For vector introduction into host cells, known methods such as a method of incorporating into Escherichia coli (competent cells) in the presence of calcium using an aqueous calcium chloride solution, an electric pulse perforation method, a lipofection method, a microinjection method, and the like are known. It can be done in a way.

Further, as a method for expressing the DNA of the present invention in a plant, the vector of the present invention is introduced into a living body by, for example, a particle gun method, an electroporation method, an Agrobacterium method, a liposome method, a cationic liposome method, or the like. The method of introduction can be mentioned. General genetic manipulations such as insertion of the DNA of the present invention into a vector can be performed according to a conventional method. The administration into the plant body may be an ex vivo method or an in vivo method.

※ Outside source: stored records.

lemma (in finite_measure) measure_Int_UN_le:
  assumes E: "E \<in> sets M" and A: "range A \<subseteq> sets M"
    and le: "\<And>k. measure M (E \<inter> disjointed A k) \<le> c * measure M (disjointed A k)"
  shows "measure M (E \<inter> (\<Union>k. A k)) \<le> c * measure M (\<Union>k. A k)"
proof -
  have "range (disjointed A) \<subseteq> sets M"
    using A by (simp add: sets.range_disjointed_sets)
  moreover have "disjoint_family (\<lambda>k. E \<inter> disjointed A k)"
    using disjoint_family_disjointed[of A] by (auto simp: disjoint_family_on_def)
  ultimately have sums: "(\<lambda>k. measure M (disjointed A k)) sums measure M (\<Union>k. disjointed A k)"
    "(\<lambda>k. measure M (E \<inter> disjointed A k)) sums measure M (\<Union>k. E \<inter> disjointed A k)"
    using E disjoint_family_disjointed[of A]
    by (intro finite_measure_UNION; auto)+
  moreover have "(\<Union>k. E \<inter> disjointed A k) = E \<inter> (\<Union>k. A k)"
    by (simp flip: UN_disjointed_eq[of A])
  ultimately show ?thesis
    using sums_le[OF le sums(2) sums_mult[OF sums(1)]] by (simp add: UN_disjointed_eq)
qed

lemma (in finite_measure) measure_eq_0_if_le_decseq:
  assumes R: "R \<in> sets M" and H: "range H \<subseteq> sets M" "decseq H" "(\<Inter>N. H N) \<subseteq> R"
    and c: "0 \<le> c" "c < 1" and le: "\<And>N. measure M R \<le> c * measure M (H N)"
  shows "measure M R = 0"
proof -
  have "(\<lambda>N. measure M (H N)) \<longlonglongrightarrow> measure M (\<Inter>N. H N)"
    using H by (intro finite_Lim_measure_decseq) auto
  then have "measure M R \<le> c * measure M (\<Inter>N. H N)"
    using le by (intro LIMSEQ_le_const[OF tendsto_mult_left]) auto
  also have "\<dots> \<le> c * measure M R"
    using H R c by (intro mult_left_mono finite_measure_mono) auto
  finally show ?thesis
    using c measure_nonneg[of M R] by (simp add: mult_le_cancel_right1)
qed

section \<open>Path measures and the Markov property\<close>

lemma Dist_D:
  assumes "\<mu> \<in> Dist M"
  shows "prob_space \<mu>" "sets \<mu> = sets M" "space \<mu> = space M"
  using assms unfolding Dist_def by (auto dest: sets_eq_imp_space_eq)

lemma is_path_measure_unique:
  assumes "is_path_measure M \<kappa> \<mu> Q1" "is_path_measure M \<kappa> \<mu> Q2"
  shows "Q1 = Q2"
proof (rule stream_space_eq_scylinder[where G="sets M" and C="{space M}" and S=M])
  show "prob_space Q1" "prob_space Q2" "sets Q1 = sets (stream_space M)" "sets Q2 = sets (stream_space M)"
    using assms by (auto simp: is_path_measure_def)
  show "Int_stable (sets M)" by (auto simp: Int_stable_def)
  show "countable {space M}" "{space M} \<subseteq> sets M" "\<Union>{space M} = space M" "sets M \<subseteq> Pow (space M)"
    by (auto dest: sets.sets_into_space)
  fix xs :: "'a set list" assume "xs \<noteq> []" "xs \<in> lists (sets M)"
  then show "emeasure Q1 (scylinder (space M) xs) = emeasure Q2 (scylinder (space M) xs)"
    using assms by (auto simp: is_path_measure_def in_lists_conv_set subset_iff cyl_eq_scylinder[symmetric])
qed simp

locale path_system =
  fixes M :: "'a measure" and \<kappa> :: "'a \<Rightarrow> 'a measure" and P :: "'a measure \<Rightarrow> 'a stream measure"
  assumes kernel: "markov_kernel M \<kappa>"
    and path: "\<forall>\<mu> \<in> Dist M. is_path_measure M \<kappa> \<mu> (P \<mu>)"
begin

lemma measurable_kernel[measurable]: "\<kappa> \<in> M \<rightarrow>\<^sub>M subprob_algebra M"
  using kernel unfolding markov_kernel_def by (rule measurable_prob_algebraD)

lemma kernel_prob_space:
  assumes "x \<in> space M"
  shows "prob_space (\<kappa> x)" "sets (\<kappa> x) = sets M" "space (\<kappa> x) = space M"
proof -
  have "\<kappa> x \<in> space (prob_algebra M)"
    using kernel assms unfolding markov_kernel_def by (rule measurable_space)
  then show "prob_space (\<kappa> x)" "sets (\<kappa> x) = sets M"
    by (auto simp: space_prob_algebra)
  then show "space (\<kappa> x) = space M"
    using sets_eq_imp_space_eq by blast
qed

lemma measurable_kernel_chain[measurable]:
  assumes "set As \<subseteq> sets M" "h \<in> borel_measurable M"
  shows "kernel_chain \<kappa> As h \<in> borel_measurable M"
  using assms(1)
proof (induction As)
  case (Cons A As)
  then have [measurable]: "A \<in> sets M" "kernel_chain \<kappa> As h \<in> borel_measurable M"
    by auto
  have "(\<lambda>x. \<integral>\<^sup>+ y. indicator A y * kernel_chain \<kappa> As h y \<partial>\<kappa> x) \<in> borel_measurable M"
    by (rule measurable_compose[OF measurable_kernel nn_integral_measurable_subprob_algebra])
      measurable
  then show ?case
    by (simp add: kernel_chain.simps(2)[abs_def])
qed (use assms(2) in \<open>simp add: kernel_chain.simps(1)[abs_def]\<close>)

lemma measurable_kernel_integrand:
  assumes "A \<in> sets M" "set As \<subseteq> sets M" "h \<in> borel_measurable M" "x \<in> space M"
  shows "(\<lambda>y. indicator A y * kernel_chain \<kappa> As h y) \<in> borel_measurable (\<kappa> x)"
  using assms by (simp add: measurable_cong_sets[OF kernel_prob_space(2) refl])

lemma kernel_chain_cong:
  assumes "\<And>y. y \<in> space M \<Longrightarrow> f y = g y" "x \<in> space M"
  shows "kernel_chain \<kappa> As f x = kernel_chain \<kappa> As g x"
  using assms(2)
  by (induction As arbitrary: x) (auto intro!: nn_integral_cong simp: assms(1) kernel_prob_space)

lemma kernel_chain_mono:
  assumes "\<And>y. y \<in> space M \<Longrightarrow> f y \<le> g y" "x \<in> space M"
  shows "kernel_chain \<kappa> As f x \<le> kernel_chain \<kappa> As g x"
  using assms(2)
  by (induction As arbitrary: x)
    (auto intro!: nn_integral_mono mult_left_mono simp: assms(1) kernel_prob_space)

lemma kernel_chain_cmult:
  assumes "set As \<subseteq> sets M" "h \<in> borel_measurable M" "x \<in> space M"
  shows "kernel_chain \<kappa> As (\<lambda>y. c * h y) x = c * kernel_chain \<kappa> As h x"
  using assms(1,3)
proof (induction As arbitrary: x)
  case (Cons A As)
  have "kernel_chain \<kappa> (A # As) (\<lambda>y. c * h y) x =
      (\<integral>\<^sup>+ y. c * (indicator A y * kernel_chain \<kappa> As h y) \<partial>\<kappa> x)"
    using Cons by (auto intro!: nn_integral_cong simp: kernel_prob_space mult.left_commute)
  also have "\<dots> = c * kernel_chain \<kappa> (A # As) h x"
    using Cons assms(2) by (simp add: nn_integral_cmult measurable_kernel_integrand)
  finally show ?case .
qed simp

lemma kernel_chain_add:
  assumes "set As \<subseteq> sets M" "f \<in> borel_measurable M" "g \<in> borel_measurable M" "x \<in> space M"
  shows "kernel_chain \<kappa> As (\<lambda>y. f y + g y) x = kernel_chain \<kappa> As f x + kernel_chain \<kappa> As g x"
  using assms(1,4)
proof (induction As arbitrary: x)
  case (Cons A As)
  have "kernel_chain \<kappa> (A # As) (\<lambda>y. f y + g y) x = (\<integral>\<^sup>+ y. indicator A y * kernel_chain \<kappa> As f y
      + indicator A y * kernel_chain \<kappa> As g y \<partial>\<kappa> x)"
    using Cons by (auto intro!: nn_integral_cong simp: kernel_prob_space distrib_left)
  also have "\<dots> = kernel_chain \<kappa> (A # As) f x + kernel_chain \<kappa> (A # As) g x"
    using Cons assms(2,3) by (simp add: nn_integral_add measurable_kernel_integrand)
  finally show ?case .
qed simp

The transformed plant of the present invention is the one into which the DNA of the present invention has been introduced, and the plant is transformed by expressing the base sequence of the introduced TAG lipase using the DNA of the present invention. ..
The transformed plant is produced by introducing the DNA of the present invention into a plant cell using a method such as the vector of the present invention or the CRISPR-Cas9 system, and regenerating the transformed plant cell obtained thereby. It is said. The period required for this transformation is extremely short as compared with the conventional introgression by crossing. It is also advantageous in that it does not involve changes in other traits.
As a specific example of the transformation method, for example, the CRISPR-Cas9 system can be mentioned. The CRISPR-Cas9 system breaks up the DNA of the virus invaded by the CRISPR (Clustered Regularly Interspaced Short Palindromic Repeats) system of the bacterium, and incorporates and stores the fragment having a specific base sequence into the genome of the bacterium itself. When the virus re-enters, the RNA transcribed from the stored DNA collates and finds the virus DNA, and the RNA-guided enzyme (Cas protein) uses a mechanism to cleave the virus DNA.
Further, the plant cells used for the transformed plant are not particularly limited. Specific examples thereof include Arabidopsis thaliana, but any of them may be used as long as it can express the DNA of the present invention without particular limitation.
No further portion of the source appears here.